-------- The records

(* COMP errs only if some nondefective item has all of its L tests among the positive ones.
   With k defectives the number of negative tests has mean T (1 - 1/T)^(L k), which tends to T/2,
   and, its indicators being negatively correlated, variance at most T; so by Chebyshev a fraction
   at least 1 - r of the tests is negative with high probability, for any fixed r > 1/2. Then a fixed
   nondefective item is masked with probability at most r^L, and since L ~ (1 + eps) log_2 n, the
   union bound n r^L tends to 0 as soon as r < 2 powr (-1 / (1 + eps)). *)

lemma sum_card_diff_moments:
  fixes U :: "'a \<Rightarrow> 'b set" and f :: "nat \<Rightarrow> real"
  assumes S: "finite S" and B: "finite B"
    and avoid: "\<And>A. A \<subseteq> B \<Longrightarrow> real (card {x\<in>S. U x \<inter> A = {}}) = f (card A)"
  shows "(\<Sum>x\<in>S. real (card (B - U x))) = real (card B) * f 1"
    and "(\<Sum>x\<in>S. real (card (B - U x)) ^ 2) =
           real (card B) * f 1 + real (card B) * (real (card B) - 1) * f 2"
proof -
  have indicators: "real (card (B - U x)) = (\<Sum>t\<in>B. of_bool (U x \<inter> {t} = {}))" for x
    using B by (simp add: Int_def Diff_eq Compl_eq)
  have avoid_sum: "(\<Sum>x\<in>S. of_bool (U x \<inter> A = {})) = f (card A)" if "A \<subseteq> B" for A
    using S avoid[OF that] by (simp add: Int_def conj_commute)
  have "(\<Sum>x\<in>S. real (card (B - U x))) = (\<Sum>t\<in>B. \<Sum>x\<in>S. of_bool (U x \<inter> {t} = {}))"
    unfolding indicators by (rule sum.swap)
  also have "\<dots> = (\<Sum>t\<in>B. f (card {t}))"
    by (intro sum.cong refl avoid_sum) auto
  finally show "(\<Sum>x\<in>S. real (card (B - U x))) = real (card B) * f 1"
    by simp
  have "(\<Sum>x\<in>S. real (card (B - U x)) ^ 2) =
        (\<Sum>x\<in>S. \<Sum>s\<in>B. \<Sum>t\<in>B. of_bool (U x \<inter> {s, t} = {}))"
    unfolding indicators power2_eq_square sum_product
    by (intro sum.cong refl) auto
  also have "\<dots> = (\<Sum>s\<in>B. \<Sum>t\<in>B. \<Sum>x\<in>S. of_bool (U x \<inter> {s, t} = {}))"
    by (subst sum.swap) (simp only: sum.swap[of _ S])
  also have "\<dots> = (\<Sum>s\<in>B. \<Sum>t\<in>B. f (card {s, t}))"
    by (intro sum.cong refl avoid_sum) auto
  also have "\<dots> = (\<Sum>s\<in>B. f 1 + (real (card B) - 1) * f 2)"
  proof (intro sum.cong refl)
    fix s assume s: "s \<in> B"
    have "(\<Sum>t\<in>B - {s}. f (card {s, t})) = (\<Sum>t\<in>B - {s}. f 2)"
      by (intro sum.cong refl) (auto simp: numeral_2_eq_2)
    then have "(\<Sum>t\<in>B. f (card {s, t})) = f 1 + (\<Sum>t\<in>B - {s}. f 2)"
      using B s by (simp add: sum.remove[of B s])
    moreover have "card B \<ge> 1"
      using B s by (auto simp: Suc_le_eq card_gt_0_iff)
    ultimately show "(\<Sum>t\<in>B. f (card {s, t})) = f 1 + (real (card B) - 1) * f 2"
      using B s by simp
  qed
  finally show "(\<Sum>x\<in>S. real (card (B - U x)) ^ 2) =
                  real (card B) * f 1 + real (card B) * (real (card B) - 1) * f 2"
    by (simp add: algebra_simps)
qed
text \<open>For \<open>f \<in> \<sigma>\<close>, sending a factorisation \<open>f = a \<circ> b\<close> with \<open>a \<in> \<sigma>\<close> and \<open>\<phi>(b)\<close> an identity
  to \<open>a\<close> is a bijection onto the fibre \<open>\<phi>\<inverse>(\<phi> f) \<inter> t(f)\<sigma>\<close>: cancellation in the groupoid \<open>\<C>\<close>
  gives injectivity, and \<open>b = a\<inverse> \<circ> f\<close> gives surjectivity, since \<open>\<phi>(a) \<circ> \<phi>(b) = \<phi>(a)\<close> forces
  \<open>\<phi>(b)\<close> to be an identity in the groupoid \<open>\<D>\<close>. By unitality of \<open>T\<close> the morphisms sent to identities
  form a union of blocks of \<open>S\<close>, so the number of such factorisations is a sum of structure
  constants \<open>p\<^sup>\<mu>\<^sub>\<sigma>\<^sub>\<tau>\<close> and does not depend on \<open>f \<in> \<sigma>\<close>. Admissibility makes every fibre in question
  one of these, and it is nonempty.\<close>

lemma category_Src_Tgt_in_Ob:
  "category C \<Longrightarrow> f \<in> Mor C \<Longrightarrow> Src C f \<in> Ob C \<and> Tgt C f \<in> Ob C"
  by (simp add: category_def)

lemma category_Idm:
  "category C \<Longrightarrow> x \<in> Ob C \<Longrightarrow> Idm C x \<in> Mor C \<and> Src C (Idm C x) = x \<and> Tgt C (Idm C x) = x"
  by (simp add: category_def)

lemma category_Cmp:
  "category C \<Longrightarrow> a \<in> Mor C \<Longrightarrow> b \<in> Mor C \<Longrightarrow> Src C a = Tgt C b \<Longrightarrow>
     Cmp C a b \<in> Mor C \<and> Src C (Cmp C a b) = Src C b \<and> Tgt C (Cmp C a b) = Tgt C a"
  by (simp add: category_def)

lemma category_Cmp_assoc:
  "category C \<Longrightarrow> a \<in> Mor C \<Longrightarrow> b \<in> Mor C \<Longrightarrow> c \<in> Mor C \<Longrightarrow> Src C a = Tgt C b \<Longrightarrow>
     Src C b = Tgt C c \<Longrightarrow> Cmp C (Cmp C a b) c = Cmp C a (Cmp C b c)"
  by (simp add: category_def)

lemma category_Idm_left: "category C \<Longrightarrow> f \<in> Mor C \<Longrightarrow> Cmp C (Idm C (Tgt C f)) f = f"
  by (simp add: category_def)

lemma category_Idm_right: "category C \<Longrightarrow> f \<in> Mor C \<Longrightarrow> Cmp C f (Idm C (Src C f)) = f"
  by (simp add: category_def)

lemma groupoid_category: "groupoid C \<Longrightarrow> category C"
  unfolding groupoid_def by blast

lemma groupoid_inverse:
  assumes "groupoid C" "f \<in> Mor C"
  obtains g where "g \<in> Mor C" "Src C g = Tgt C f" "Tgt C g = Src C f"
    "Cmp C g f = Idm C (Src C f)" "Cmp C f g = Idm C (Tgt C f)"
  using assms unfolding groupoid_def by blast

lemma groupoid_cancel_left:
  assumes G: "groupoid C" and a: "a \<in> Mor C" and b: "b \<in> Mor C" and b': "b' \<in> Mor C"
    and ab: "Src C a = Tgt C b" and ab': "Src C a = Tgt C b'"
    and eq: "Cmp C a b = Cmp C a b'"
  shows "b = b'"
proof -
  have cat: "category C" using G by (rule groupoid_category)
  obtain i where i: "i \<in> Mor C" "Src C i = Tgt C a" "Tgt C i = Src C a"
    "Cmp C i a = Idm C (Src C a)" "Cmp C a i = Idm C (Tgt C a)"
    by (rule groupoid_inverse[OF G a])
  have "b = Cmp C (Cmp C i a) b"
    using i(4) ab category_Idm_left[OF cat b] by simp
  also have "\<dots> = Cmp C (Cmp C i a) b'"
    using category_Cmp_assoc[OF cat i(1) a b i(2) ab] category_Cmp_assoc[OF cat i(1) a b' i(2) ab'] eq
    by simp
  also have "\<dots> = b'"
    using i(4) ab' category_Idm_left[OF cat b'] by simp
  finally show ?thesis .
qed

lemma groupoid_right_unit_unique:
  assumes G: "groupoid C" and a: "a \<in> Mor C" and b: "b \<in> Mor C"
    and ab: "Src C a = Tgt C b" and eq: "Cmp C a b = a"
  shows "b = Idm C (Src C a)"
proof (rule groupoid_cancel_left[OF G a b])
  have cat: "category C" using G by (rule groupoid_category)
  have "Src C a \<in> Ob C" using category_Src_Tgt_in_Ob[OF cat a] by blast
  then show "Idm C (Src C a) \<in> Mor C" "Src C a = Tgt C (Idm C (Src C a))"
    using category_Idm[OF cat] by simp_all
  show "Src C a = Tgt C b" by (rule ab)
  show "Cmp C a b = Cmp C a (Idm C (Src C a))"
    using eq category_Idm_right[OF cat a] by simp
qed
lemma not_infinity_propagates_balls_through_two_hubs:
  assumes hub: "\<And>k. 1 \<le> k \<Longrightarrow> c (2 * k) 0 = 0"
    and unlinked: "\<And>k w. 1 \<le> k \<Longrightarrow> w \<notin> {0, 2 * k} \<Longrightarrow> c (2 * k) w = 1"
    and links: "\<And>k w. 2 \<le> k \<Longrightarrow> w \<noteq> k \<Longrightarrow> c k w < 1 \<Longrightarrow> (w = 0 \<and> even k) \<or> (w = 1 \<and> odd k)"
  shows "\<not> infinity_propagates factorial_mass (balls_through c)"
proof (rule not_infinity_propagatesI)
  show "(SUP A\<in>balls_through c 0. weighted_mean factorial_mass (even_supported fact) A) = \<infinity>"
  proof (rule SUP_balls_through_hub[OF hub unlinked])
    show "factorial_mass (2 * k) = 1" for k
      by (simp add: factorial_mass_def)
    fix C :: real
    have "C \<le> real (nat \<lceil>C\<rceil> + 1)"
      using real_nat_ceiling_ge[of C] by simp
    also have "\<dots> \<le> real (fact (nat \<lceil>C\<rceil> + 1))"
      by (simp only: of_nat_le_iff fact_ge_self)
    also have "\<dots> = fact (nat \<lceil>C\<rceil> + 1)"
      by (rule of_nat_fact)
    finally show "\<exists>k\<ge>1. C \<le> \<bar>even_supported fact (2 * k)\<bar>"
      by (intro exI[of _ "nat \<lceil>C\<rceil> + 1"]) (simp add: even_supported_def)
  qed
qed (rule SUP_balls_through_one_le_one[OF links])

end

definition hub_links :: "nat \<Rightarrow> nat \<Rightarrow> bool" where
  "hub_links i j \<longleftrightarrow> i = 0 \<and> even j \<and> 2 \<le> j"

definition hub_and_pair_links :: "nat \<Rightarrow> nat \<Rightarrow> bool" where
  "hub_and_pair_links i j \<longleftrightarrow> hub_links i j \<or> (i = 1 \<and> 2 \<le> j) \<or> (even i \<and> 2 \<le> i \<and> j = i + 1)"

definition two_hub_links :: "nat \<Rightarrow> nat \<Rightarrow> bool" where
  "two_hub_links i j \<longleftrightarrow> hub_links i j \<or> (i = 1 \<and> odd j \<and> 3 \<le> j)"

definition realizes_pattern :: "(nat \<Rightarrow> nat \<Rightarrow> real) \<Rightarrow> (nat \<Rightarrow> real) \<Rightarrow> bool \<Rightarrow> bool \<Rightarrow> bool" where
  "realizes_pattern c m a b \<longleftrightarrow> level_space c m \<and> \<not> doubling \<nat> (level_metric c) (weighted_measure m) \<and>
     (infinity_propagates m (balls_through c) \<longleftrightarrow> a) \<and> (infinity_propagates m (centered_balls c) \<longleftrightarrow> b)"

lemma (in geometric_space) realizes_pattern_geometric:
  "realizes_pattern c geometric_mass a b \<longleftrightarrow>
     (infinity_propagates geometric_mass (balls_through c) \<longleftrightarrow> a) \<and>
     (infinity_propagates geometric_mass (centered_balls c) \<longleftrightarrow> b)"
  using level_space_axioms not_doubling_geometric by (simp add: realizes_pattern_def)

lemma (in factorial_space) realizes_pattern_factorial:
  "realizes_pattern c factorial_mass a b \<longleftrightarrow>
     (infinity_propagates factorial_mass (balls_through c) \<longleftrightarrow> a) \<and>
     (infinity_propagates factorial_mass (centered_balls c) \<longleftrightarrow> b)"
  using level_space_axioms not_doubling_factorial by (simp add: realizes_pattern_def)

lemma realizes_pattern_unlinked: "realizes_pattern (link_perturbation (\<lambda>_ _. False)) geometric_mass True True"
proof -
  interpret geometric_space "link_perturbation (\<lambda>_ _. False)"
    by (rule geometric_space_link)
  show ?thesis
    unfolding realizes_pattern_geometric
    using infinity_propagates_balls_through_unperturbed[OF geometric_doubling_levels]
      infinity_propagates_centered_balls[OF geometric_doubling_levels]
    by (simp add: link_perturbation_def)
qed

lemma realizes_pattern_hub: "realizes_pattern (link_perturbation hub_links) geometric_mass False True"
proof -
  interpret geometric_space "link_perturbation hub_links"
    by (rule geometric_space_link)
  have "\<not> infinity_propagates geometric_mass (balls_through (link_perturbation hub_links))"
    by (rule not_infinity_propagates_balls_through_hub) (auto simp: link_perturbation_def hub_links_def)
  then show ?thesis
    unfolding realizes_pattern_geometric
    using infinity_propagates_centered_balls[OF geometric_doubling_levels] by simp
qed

----------------
-------- The records

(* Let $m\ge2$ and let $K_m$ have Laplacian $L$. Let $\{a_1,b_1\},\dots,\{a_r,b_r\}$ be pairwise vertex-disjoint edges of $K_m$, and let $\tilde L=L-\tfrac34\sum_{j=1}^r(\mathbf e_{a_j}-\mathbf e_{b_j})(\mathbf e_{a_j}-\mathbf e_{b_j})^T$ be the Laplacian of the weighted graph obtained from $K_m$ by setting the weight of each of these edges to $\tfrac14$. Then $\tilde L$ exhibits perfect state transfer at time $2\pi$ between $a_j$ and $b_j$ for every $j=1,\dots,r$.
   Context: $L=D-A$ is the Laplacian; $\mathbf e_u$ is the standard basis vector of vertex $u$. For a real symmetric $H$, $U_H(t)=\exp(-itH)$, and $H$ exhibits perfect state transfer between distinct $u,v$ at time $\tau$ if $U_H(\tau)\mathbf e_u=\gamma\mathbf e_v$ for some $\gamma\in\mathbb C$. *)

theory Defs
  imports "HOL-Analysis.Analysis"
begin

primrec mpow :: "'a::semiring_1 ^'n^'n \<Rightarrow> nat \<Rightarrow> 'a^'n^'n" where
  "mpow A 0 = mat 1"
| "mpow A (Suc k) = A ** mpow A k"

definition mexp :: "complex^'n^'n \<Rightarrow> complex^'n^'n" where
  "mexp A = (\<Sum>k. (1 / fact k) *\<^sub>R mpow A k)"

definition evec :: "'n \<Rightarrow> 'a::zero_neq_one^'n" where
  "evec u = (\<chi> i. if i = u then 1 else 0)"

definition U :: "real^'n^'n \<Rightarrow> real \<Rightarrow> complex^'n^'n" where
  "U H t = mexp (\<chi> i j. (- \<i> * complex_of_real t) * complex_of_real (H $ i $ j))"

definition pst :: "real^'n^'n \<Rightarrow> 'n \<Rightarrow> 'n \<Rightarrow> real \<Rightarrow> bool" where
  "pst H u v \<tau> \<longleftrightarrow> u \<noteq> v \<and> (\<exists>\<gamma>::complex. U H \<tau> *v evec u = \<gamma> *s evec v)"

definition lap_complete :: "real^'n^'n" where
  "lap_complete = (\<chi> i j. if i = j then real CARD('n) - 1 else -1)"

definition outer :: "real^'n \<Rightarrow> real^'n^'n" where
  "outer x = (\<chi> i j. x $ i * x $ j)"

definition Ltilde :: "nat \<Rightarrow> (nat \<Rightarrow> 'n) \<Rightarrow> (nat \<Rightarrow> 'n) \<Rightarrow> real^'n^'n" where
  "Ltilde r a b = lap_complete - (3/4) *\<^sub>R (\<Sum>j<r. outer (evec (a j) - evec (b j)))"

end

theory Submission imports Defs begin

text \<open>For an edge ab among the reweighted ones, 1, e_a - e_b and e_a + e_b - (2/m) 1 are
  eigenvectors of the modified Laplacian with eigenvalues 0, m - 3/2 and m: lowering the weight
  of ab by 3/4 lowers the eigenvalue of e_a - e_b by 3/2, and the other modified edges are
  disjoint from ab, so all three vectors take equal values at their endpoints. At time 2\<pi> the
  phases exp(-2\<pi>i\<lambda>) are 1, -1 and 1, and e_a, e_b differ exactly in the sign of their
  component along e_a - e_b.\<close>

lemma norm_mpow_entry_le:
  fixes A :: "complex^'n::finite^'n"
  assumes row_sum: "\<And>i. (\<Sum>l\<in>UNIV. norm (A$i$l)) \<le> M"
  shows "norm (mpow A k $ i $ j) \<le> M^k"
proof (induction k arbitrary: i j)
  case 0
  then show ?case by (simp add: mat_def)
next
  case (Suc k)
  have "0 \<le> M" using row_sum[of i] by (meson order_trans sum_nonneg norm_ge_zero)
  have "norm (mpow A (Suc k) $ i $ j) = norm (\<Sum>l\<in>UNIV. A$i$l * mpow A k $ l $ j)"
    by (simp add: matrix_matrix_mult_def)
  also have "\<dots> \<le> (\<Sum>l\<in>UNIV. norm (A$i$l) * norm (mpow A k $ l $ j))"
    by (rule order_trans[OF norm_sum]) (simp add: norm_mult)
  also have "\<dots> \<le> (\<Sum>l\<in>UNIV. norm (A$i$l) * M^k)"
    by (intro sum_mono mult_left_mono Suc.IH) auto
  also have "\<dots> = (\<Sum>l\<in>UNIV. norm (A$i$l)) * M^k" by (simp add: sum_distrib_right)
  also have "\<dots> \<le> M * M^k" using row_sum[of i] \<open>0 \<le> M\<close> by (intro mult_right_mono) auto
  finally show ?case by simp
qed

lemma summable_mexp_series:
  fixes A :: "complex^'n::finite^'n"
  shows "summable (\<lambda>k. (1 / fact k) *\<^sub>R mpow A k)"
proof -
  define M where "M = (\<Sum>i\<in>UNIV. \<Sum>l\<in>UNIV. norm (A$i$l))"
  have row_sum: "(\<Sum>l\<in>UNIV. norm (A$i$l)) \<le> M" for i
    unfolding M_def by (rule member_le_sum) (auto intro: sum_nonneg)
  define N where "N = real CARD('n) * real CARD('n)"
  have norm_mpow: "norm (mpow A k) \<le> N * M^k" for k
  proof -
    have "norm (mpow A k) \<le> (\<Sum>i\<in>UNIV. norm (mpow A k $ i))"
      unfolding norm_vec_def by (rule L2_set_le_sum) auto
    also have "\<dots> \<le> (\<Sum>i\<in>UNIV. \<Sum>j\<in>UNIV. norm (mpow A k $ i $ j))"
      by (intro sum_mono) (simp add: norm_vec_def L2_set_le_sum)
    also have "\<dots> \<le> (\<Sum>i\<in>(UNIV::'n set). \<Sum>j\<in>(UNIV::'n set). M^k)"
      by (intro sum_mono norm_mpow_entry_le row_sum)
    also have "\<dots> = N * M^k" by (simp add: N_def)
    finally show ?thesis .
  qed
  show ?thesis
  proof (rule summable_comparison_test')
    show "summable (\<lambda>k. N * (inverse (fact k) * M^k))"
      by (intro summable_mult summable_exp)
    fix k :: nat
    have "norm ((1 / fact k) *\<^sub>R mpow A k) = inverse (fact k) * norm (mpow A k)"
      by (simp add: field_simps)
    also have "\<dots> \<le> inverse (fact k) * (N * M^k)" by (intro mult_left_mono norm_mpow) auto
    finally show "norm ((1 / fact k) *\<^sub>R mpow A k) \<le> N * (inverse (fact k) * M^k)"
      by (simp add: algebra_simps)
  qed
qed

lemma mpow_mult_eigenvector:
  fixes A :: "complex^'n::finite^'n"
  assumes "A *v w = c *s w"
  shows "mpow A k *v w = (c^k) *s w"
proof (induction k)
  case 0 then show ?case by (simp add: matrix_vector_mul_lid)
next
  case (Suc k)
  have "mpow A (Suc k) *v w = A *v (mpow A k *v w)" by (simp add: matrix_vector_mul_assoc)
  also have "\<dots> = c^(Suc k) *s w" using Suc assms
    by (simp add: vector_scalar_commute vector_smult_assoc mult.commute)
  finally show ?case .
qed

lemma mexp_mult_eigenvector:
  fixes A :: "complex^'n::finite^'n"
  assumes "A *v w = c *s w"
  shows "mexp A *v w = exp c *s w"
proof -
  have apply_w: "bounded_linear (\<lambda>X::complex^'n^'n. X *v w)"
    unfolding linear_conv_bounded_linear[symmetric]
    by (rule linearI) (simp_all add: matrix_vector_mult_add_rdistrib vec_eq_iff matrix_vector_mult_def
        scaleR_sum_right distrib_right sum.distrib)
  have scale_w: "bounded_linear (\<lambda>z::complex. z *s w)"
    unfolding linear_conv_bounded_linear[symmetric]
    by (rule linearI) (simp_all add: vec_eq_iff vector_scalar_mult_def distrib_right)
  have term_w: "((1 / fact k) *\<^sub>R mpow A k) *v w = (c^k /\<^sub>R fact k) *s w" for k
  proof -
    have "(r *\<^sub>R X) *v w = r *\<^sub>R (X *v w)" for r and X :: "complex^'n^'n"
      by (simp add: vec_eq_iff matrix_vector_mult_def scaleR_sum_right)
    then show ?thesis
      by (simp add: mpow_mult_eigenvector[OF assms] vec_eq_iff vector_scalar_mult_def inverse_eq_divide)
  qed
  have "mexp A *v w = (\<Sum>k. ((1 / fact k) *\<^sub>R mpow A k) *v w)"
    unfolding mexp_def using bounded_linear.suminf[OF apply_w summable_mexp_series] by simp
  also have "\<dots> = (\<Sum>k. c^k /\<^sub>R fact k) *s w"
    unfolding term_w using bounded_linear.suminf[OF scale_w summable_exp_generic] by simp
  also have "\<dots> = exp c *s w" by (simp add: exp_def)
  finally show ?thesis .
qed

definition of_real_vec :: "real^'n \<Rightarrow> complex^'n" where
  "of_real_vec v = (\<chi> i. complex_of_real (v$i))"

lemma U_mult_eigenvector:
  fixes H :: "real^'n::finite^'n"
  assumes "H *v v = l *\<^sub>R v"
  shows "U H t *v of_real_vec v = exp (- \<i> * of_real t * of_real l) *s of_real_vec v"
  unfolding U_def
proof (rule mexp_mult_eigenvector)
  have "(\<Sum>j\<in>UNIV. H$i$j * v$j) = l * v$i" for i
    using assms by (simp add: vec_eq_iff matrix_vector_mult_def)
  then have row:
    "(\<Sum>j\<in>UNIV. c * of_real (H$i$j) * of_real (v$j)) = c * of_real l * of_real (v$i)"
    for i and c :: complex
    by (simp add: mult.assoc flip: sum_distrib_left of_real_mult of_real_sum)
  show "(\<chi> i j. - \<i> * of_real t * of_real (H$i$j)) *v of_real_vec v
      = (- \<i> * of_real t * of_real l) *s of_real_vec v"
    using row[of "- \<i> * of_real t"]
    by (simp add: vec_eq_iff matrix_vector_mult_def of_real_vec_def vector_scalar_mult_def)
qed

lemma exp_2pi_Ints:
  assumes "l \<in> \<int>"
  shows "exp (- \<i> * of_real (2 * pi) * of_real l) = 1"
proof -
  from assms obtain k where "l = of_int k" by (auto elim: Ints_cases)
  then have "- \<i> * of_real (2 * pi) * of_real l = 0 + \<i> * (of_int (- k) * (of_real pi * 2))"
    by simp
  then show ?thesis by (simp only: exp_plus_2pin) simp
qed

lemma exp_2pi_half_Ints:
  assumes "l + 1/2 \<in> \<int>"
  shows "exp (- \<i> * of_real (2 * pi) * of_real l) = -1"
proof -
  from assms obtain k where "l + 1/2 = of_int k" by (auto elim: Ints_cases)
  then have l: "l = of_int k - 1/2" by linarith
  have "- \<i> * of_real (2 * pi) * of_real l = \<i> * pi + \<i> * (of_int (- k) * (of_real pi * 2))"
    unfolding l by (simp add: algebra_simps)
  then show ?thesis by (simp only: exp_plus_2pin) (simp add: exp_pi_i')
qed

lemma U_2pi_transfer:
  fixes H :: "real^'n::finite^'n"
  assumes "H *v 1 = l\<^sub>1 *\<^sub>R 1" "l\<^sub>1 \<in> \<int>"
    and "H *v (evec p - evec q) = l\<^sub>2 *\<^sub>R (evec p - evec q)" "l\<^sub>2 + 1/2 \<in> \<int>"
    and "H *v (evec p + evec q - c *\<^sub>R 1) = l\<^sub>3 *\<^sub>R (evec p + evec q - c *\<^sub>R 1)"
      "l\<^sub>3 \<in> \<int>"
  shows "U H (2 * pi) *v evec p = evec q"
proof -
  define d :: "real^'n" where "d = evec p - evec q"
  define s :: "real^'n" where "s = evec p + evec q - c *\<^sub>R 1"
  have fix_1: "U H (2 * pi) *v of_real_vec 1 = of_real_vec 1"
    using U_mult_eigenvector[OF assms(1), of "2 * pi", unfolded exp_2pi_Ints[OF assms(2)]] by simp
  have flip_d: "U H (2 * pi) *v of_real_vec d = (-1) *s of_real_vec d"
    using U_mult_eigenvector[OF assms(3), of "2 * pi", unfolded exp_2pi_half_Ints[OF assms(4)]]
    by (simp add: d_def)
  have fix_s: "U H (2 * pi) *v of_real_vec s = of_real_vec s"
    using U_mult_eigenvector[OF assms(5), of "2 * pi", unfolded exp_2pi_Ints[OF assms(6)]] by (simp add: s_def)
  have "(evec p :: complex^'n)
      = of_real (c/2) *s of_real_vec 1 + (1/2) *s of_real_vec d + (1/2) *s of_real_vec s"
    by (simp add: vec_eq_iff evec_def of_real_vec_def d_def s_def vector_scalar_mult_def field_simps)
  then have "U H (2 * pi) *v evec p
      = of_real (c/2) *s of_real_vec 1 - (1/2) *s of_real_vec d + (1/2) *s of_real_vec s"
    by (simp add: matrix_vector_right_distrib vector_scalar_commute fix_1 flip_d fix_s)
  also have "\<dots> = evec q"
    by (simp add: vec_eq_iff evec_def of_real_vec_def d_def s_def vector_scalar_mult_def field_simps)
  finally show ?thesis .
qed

----------------

Read the records above. Show each line that has the string "outer".

▸ **Answer space**
definition outer :: "real^'n \<Rightarrow> real^'n^'n" where
  "outer x = (\<chi> i j. x $ i * x $ j)"
  "Ltilde r a b = lap_complete - (3/4) *\<^sub>R (\<Sum>j<r. outer (evec (a j) - evec (b j)))"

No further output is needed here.